--- ACTIVITY ---
Entries follow. Give back exactly the lines starting at the one containing "using continuous_map_into_subtopology[OF lift]" and ending at the one containing "using f x unfolding", and no other lines.

[Excerpts from a dataset]

=== Begin Enclosure ===

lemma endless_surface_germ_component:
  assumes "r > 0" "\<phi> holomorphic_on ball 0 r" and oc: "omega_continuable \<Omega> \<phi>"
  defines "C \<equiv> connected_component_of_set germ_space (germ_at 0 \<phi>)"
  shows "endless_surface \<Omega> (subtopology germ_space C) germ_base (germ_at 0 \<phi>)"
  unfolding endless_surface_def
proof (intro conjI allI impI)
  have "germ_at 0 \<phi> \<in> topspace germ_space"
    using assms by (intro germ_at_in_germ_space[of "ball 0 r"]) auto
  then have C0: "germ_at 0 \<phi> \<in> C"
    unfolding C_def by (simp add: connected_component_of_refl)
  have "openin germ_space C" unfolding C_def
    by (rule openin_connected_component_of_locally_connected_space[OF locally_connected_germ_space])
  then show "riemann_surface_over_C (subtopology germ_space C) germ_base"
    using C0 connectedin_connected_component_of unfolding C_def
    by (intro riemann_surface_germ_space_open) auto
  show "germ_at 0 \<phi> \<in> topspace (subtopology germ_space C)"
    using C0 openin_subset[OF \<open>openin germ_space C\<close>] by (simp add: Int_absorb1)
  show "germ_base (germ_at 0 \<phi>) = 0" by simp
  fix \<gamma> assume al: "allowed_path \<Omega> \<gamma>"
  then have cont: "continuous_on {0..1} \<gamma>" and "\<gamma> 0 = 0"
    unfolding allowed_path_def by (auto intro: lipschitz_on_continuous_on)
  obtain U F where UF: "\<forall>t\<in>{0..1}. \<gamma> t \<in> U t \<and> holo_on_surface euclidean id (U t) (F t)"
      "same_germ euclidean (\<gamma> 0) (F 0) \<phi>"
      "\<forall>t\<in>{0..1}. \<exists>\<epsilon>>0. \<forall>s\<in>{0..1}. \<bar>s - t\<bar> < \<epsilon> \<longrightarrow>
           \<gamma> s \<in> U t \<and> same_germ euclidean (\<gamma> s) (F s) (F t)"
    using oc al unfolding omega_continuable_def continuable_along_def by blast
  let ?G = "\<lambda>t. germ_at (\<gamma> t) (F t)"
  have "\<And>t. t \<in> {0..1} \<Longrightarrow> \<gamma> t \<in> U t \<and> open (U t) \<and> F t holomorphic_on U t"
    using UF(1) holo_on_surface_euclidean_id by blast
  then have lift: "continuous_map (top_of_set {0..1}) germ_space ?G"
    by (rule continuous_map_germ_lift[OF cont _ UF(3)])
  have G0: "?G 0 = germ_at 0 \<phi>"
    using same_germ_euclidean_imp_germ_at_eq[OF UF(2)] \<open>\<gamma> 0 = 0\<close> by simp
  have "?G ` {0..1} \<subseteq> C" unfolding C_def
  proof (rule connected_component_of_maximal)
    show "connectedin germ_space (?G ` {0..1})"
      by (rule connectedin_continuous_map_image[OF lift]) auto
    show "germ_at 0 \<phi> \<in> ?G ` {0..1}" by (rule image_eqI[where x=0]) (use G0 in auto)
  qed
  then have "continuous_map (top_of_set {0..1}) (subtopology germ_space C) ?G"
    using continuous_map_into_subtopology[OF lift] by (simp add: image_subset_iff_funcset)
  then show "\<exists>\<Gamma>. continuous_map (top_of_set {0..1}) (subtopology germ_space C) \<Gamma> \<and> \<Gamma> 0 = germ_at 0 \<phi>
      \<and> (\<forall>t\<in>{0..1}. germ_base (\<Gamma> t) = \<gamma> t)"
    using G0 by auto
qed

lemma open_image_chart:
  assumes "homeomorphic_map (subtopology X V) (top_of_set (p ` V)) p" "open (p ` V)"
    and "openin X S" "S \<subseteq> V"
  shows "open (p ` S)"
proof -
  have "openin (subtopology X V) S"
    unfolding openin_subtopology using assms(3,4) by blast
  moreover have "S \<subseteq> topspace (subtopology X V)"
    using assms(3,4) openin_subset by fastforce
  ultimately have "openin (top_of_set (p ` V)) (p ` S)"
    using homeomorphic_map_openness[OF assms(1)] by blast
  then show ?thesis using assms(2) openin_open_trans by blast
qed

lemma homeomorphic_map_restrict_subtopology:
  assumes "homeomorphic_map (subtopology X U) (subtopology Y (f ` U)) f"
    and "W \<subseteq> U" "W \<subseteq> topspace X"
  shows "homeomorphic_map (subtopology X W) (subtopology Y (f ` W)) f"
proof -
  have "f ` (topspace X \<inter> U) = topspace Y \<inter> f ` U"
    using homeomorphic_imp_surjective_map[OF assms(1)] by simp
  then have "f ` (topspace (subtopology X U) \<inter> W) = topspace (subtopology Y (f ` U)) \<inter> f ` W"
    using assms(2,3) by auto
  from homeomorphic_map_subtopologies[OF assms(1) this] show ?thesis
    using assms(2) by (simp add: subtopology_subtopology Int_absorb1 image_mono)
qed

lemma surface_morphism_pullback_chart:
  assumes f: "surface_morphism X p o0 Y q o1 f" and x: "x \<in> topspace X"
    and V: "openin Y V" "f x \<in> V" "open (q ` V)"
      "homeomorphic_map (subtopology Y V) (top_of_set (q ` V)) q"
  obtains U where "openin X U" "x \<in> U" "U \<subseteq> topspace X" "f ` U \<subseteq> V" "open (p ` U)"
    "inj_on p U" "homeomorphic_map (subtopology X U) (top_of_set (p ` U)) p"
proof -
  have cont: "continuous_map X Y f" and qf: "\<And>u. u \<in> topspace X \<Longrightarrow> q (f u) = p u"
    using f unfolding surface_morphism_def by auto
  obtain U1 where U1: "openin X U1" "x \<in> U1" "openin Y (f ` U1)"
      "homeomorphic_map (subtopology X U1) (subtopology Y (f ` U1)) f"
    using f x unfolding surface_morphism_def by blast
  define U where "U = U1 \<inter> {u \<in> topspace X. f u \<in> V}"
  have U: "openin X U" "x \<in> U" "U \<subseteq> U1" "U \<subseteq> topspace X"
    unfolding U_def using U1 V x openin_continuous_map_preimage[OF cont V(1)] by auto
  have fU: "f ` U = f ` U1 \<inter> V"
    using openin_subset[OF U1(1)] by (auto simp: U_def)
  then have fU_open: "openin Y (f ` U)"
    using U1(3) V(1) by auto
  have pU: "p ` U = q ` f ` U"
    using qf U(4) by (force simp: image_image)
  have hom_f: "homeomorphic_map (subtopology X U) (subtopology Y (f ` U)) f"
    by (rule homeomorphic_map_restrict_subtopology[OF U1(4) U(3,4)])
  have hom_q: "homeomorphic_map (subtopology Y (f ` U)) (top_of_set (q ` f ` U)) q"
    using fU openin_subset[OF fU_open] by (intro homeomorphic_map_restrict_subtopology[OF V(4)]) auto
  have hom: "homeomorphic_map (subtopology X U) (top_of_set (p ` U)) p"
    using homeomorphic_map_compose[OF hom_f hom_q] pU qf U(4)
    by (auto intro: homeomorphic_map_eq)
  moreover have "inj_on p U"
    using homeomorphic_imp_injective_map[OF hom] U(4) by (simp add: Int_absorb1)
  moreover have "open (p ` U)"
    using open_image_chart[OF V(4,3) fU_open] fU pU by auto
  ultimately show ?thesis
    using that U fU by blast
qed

=== End Enclosure ===

--- EXERCISE SOLUTION ---
    using continuous_map_into_subtopology[OF lift] by (simp add: image_subset_iff_funcset)
  then show "\<exists>\<Gamma>. continuous_map (top_of_set {0..1}) (subtopology germ_space C) \<Gamma> \<and> \<Gamma> 0 = germ_at 0 \<phi>
      \<and> (\<forall>t\<in>{0..1}. germ_base (\<Gamma> t) = \<gamma> t)"
    using G0 by auto
qed

lemma open_image_chart:
  assumes "homeomorphic_map (subtopology X V) (top_of_set (p ` V)) p" "open (p ` V)"
    and "openin X S" "S \<subseteq> V"
  shows "open (p ` S)"
proof -
  have "openin (subtopology X V) S"
    unfolding openin_subtopology using assms(3,4) by blast
  moreover have "S \<subseteq> topspace (subtopology X V)"
    using assms(3,4) openin_subset by fastforce
  ultimately have "openin (top_of_set (p ` V)) (p ` S)"
    using homeomorphic_map_openness[OF assms(1)] by blast
  then show ?thesis using assms(2) openin_open_trans by blast
qed

lemma homeomorphic_map_restrict_subtopology:
  assumes "homeomorphic_map (subtopology X U) (subtopology Y (f ` U)) f"
    and "W \<subseteq> U" "W \<subseteq> topspace X"
  shows "homeomorphic_map (subtopology X W) (subtopology Y (f ` W)) f"
proof -
  have "f ` (topspace X \<inter> U) = topspace Y \<inter> f ` U"
    using homeomorphic_imp_surjective_map[OF assms(1)] by simp
  then have "f ` (topspace (subtopology X U) \<inter> W) = topspace (subtopology Y (f ` U)) \<inter> f ` W"
    using assms(2,3) by auto
  from homeomorphic_map_subtopologies[OF assms(1) this] show ?thesis
    using assms(2) by (simp add: subtopology_subtopology Int_absorb1 image_mono)
qed

lemma surface_morphism_pullback_chart:
  assumes f: "surface_morphism X p o0 Y q o1 f" and x: "x \<in> topspace X"
    and V: "openin Y V" "f x \<in> V" "open (q ` V)"
      "homeomorphic_map (subtopology Y V) (top_of_set (q ` V)) q"
  obtains U where "openin X U" "x \<in> U" "U \<subseteq> topspace X" "f ` U \<subseteq> V" "open (p ` U)"
    "inj_on p U" "homeomorphic_map (subtopology X U) (top_of_set (p ` U)) p"
proof -
  have cont: "continuous_map X Y f" and qf: "\<And>u. u \<in> topspace X \<Longrightarrow> q (f u) = p u"
    using f unfolding surface_morphism_def by auto
  obtain U1 where U1: "openin X U1" "x \<in> U1" "openin Y (f ` U1)"
      "homeomorphic_map (subtopology X U1) (subtopology Y (f ` U1)) f"
    using f x unfolding surface_morphism_def by blast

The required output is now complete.